[Assigned task]
From the entries below, reproduce exactly the line containing "b) = Poly_Mapping.lookup", the line containing "b) = tensor", and every line in between, with nothing added.
(Beginning of The input)
text \<open>
All structure maps are linear, so every axiom of a bicomodule Hom-algebra for \<open>A # H\<close> only
has to be checked on pure tensors \<open>a # h\<close>. Writing all coproducts and coactions as Sweedler
sums, each side becomes an iterated Sweedler sum; the sums may be reordered freely (Fubini)
and rewritten with the axioms of the data. The identities for \<open>\<rho>\<close> reduce to coassociativity
of \<open>\<Delta>\<close>, the coassociativity of \<open>\<lambda>\<close> to the comodule axiom of \<open>A\<close>, and the multiplicativity
of \<open>\<lambda>\<close>, the one step that really mixes action and coaction, to the Yetter-Drinfeld condition.
\<close>

lemma lookup_smul [simp]: "Poly_Mapping.lookup (smul c x) i = c * Poly_Mapping.lookup x i"
  unfolding smul_def by (simp add: map.rep_eq when_def)

lemma smul_add: "smul c (x + y) = smul c x + smul c y"
  by (rule poly_mapping_eqI) (simp add: lookup_add distrib_left)

lemma add_smul: "smul (c + d) x = smul c x + smul d x"
  by (rule poly_mapping_eqI) (simp add: lookup_add distrib_right)

lemma smul_smul: "smul c (smul d x) = smul (c * d) x"
  by (rule poly_mapping_eqI) simp

lemma smul_one [simp]: "smul 1 x = x"
  by (rule poly_mapping_eqI) simp

lemma smul_zero [simp]: "smul c 0 = 0" "smul 0 x = 0"
  by (rule poly_mapping_eqI, simp)+

lemma smul_sum: "smul c (sum f S) = (\<Sum>i\<in>S. smul c (f i))"
  by (induction S rule: infinite_finite_induct) (auto simp: smul_add)

lemma linext_sum_superset:
  assumes "finite S" "Poly_Mapping.keys x \<subseteq> S"
  shows "linext g x = (\<Sum>i\<in>S. smul (Poly_Mapping.lookup x i) (g i))"
  unfolding linext_def
  by (rule sum.mono_neutral_left) (use assms in \<open>auto simp: in_keys_iff\<close>)

lemma linext_add: "linext g (x + y) = linext g x + linext g y"
proof -
  let ?S = "Poly_Mapping.keys x \<union> Poly_Mapping.keys y"
  have S: "finite ?S" "Poly_Mapping.keys (x + y) \<subseteq> ?S"
    by (auto simp: keys_add)
  show ?thesis
    by (simp add: linext_sum_superset[OF S] linext_sum_superset[OF S(1)] lookup_add add_smul
        sum.distrib)
qed

lemma linext_smul: "linext g (smul c x) = smul c (linext g x)"
proof -
  have S: "finite (Poly_Mapping.keys x)" "Poly_Mapping.keys (smul c x) \<subseteq> Poly_Mapping.keys x"
    by (auto simp: in_keys_iff)
  show ?thesis
    by (simp add: linext_sum_superset[OF S] linext_sum_superset[OF S(1)] smul_sum smul_smul)
qed

lemma linmap_linext [simp]: "linmap (linext g)"
  by (simp add: linmap_def linext_add linext_smul)

lemma linext_bvec [simp]: "linext g (bvec a) = g a"
  by (simp add: linext_def bvec_def)

lemma linmap_add: "linmap f \<Longrightarrow> f (x + y) = f x + f y"
  by (simp add: linmap_def)

lemma linmap_smul: "linmap f \<Longrightarrow> f (smul c x) = smul c (f x)"
  by (simp add: linmap_def)

lemma linmap_zero: "linmap f \<Longrightarrow> f 0 = 0"
  using linmap_smul[of f 0 0] by simp

lemma linmap_sum: "linmap f \<Longrightarrow> f (sum g S) = (\<Sum>i\<in>S. f (g i))"
  by (induction S rule: infinite_finite_induct) (auto simp: linmap_zero linmap_add)

lemma linmap_ident [simp]: "linmap (\<lambda>x. x)"
  by (simp add: linmap_def)

lemma linmap_comp: "linmap f \<Longrightarrow> linmap g \<Longrightarrow> linmap (\<lambda>x. f (g x))"
  by (simp add: linmap_def)

lemma linmap_inv: "linmap f \<Longrightarrow> bij f \<Longrightarrow> linmap (inv f)"
  unfolding linmap_def by (metis bij_inv_eq_iff)

lemma sum_keys_bvec: "(\<Sum>i\<in>Poly_Mapping.keys x. smul (Poly_Mapping.lookup x i) (bvec i)) = x"
proof (rule poly_mapping_eqI)
  fix k
  have "(\<Sum>i\<in>Poly_Mapping.keys x. Poly_Mapping.lookup x i * Poly_Mapping.lookup (bvec i) k)
      = (\<Sum>i\<in>Poly_Mapping.keys x. if i = k then Poly_Mapping.lookup x i else 0)"
    by (rule sum.cong) (auto simp: bvec_def lookup_single when_def)
  also have "\<dots> = Poly_Mapping.lookup x k"
    by (simp add: sum.delta' in_keys_iff)
  finally show "Poly_Mapping.lookup (\<Sum>i\<in>Poly_Mapping.keys x. smul (Poly_Mapping.lookup x i) (bvec i)) k
      = Poly_Mapping.lookup x k"
    by (simp add: lookup_sum)
qed

lemma linmap_eq_linext: "linmap f \<Longrightarrow> f x = linext (\<lambda>i. f (bvec i)) x"
  by (subst sum_keys_bvec[of x, symmetric]) (simp add: linmap_sum linmap_smul linext_def)

lemma linmap_eqI:
  assumes "linmap f" "linmap g" "\<And>i. f (bvec i) = g (bvec i)"
  shows "f x = g x"
  using linmap_eq_linext[OF assms(1), of x] linmap_eq_linext[OF assms(2), of x] assms(3) by simp

lemma linmap_linext_param [simp]: "(\<And>i. linmap (F i)) \<Longrightarrow> linmap (\<lambda>x. linext (\<lambda>i. F i x) z)"
  unfolding linmap_def linext_def
  by (auto simp: sum.distrib smul_add smul_sum smul_smul mult.commute)

lemma lookup_tensor [simp]:
  "Poly_Mapping.lookup (tensor x y) (a, b) = Poly_Mapping.lookup x a * Poly_Mapping.lookup y b"
proof -
  have "{(a, b). Poly_Mapping.lookup x a * Poly_Mapping.lookup y b \<noteq> 0}
      \<subseteq> Poly_Mapping.keys x \<times> Poly_Mapping.keys y"
    by (auto simp: in_keys_iff)
  then have "finite {(a, b). Poly_Mapping.lookup x a * Poly_Mapping.lookup y b \<noteq> 0}"
    by (rule finite_subset) auto
  then show ?thesis
    unfolding tensor_def by (simp add: case_prod_beta')
qed

lemma lookup_tensor_prod:
  "Poly_Mapping.lookup (tensor x y) p = Poly_Mapping.lookup x (fst p) * Poly_Mapping.lookup y (snd p)"
  by (cases p) simp

lemma linmap_tensor_left [simp]: "linmap g \<Longrightarrow> linmap (\<lambda>x. tensor (g x) y)"
  by (simp add: linmap_def; intro conjI allI; rule poly_mapping_eqI)
     (simp_all add: lookup_tensor_prod lookup_add distrib_right)

lemma linmap_tensor_right [simp]: "linmap g \<Longrightarrow> linmap (\<lambda>x. tensor y (g x))"
  by (simp add: linmap_def; intro conjI allI; rule poly_mapping_eqI)
     (simp_all add: lookup_tensor_prod lookup_add distrib_left mult.left_commute)

lemma bvec_Pair: "bvec (a, b) = tensor (bvec a) (bvec b)"
  by (rule poly_mapping_eqI) (auto simp: bvec_def lookup_tensor_prod lookup_single when_def)

lemma linmap2_eqI:
  assumes "\<And>y. linmap (\<lambda>x. F x y)" "\<And>x. linmap (\<lambda>y. F x y)"
    and "\<And>y. linmap (\<lambda>x. G x y)" "\<And>x. linmap (\<lambda>y. G x y)"
    and "\<And>a b. F (bvec a) (bvec b) = G (bvec a) (bvec b)"
  shows "F x y = G x y"
proof -
  have basis: "F (bvec a) y = G (bvec a) y" for a
    by (rule linmap_eqI[where f = "\<lambda>y. F (bvec a) y"]) (use assms in auto)
  show ?thesis
    by (rule linmap_eqI[where f = "\<lambda>x. F x y"]) (use assms basis in auto)
qed

text \<open>
Sweedler notation: \<open>sweedler z F\<close> stands for \<open>\<Sum> F z\<^sub>1 z\<^sub>2\<close>. It is computed from the
expansion of \<open>z\<close> in basis tensors, so it agrees with the sum over another decomposition
\<open>z = \<Sum> z\<^sub>1 \<otimes> z\<^sub>2\<close> only for bilinear \<open>F\<close>.
\<close>

definition sweedler :: "('a \<times> 'b \<Rightarrow>\<^sub>0 'k::field) \<Rightarrow> (('a \<Rightarrow>\<^sub>0 'k) \<Rightarrow> ('b \<Rightarrow>\<^sub>0 'k) \<Rightarrow> ('c \<Rightarrow>\<^sub>0 'k))
    \<Rightarrow> ('c \<Rightarrow>\<^sub>0 'k)"
  where "sweedler z F = linext (\<lambda>(p, q). F (bvec p) (bvec q)) z"

lemma linmap_sweedler_comp [simp]: "linmap g \<Longrightarrow> linmap (\<lambda>x. sweedler (g x) F)"
  unfolding sweedler_def by (rule linmap_comp[OF linmap_linext])

lemma linmap_sweedler_param [simp]:
  "(\<And>p q. linmap (F p q)) \<Longrightarrow> linmap (\<lambda>x. sweedler z (\<lambda>p q. F p q x))"
  unfolding sweedler_def
  using linmap_linext_param[of "\<lambda>i x. case i of (p, q) \<Rightarrow> F (bvec p) (bvec q) x" z]
  by (simp add: case_prod_beta)

lemma sweedler_bvec [simp]: "sweedler (bvec (a, b)) F = F (bvec a) (bvec b)"
  by (simp add: sweedler_def)

lemma sweedler_tensor [simp]:
  assumes "\<And>y. linmap (\<lambda>x. F x y)" "\<And>x. linmap (\<lambda>y. F x y)"
  shows "sweedler (tensor x y) F = F x y"
  by (rule linmap2_eqI[where F = "\<lambda>x y. sweedler (tensor x y) F"])
     (use assms in \<open>auto simp: bvec_Pair[symmetric]\<close>)

lemma linmap_sweedler: "linmap f \<Longrightarrow> f (sweedler z F) = sweedler z (\<lambda>p q. f (F p q))"
  by (rule linmap_eqI[where f = "\<lambda>z. f (sweedler z F)"]) (auto intro: linmap_comp[of f])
(End of The input)
[Reply]
  "Poly_Mapping.lookup (tensor x y) (a, b) = Poly_Mapping.lookup x a * Poly_Mapping.lookup y b"
proof -
  have "{(a, b). Poly_Mapping.lookup x a * Poly_Mapping.lookup y b \<noteq> 0}
      \<subseteq> Poly_Mapping.keys x \<times> Poly_Mapping.keys y"
    by (auto simp: in_keys_iff)
  then have "finite {(a, b). Poly_Mapping.lookup x a * Poly_Mapping.lookup y b \<noteq> 0}"
    by (rule finite_subset) auto
  then show ?thesis
    unfolding tensor_def by (simp add: case_prod_beta')
qed

lemma lookup_tensor_prod:
  "Poly_Mapping.lookup (tensor x y) p = Poly_Mapping.lookup x (fst p) * Poly_Mapping.lookup y (snd p)"
  by (cases p) simp

lemma linmap_tensor_left [simp]: "linmap g \<Longrightarrow> linmap (\<lambda>x. tensor (g x) y)"
  by (simp add: linmap_def; intro conjI allI; rule poly_mapping_eqI)
     (simp_all add: lookup_tensor_prod lookup_add distrib_right)

lemma linmap_tensor_right [simp]: "linmap g \<Longrightarrow> linmap (\<lambda>x. tensor y (g x))"
  by (simp add: linmap_def; intro conjI allI; rule poly_mapping_eqI)
     (simp_all add: lookup_tensor_prod lookup_add distrib_left mult.left_commute)

lemma bvec_Pair: "bvec (a, b) = tensor (bvec a) (bvec b)"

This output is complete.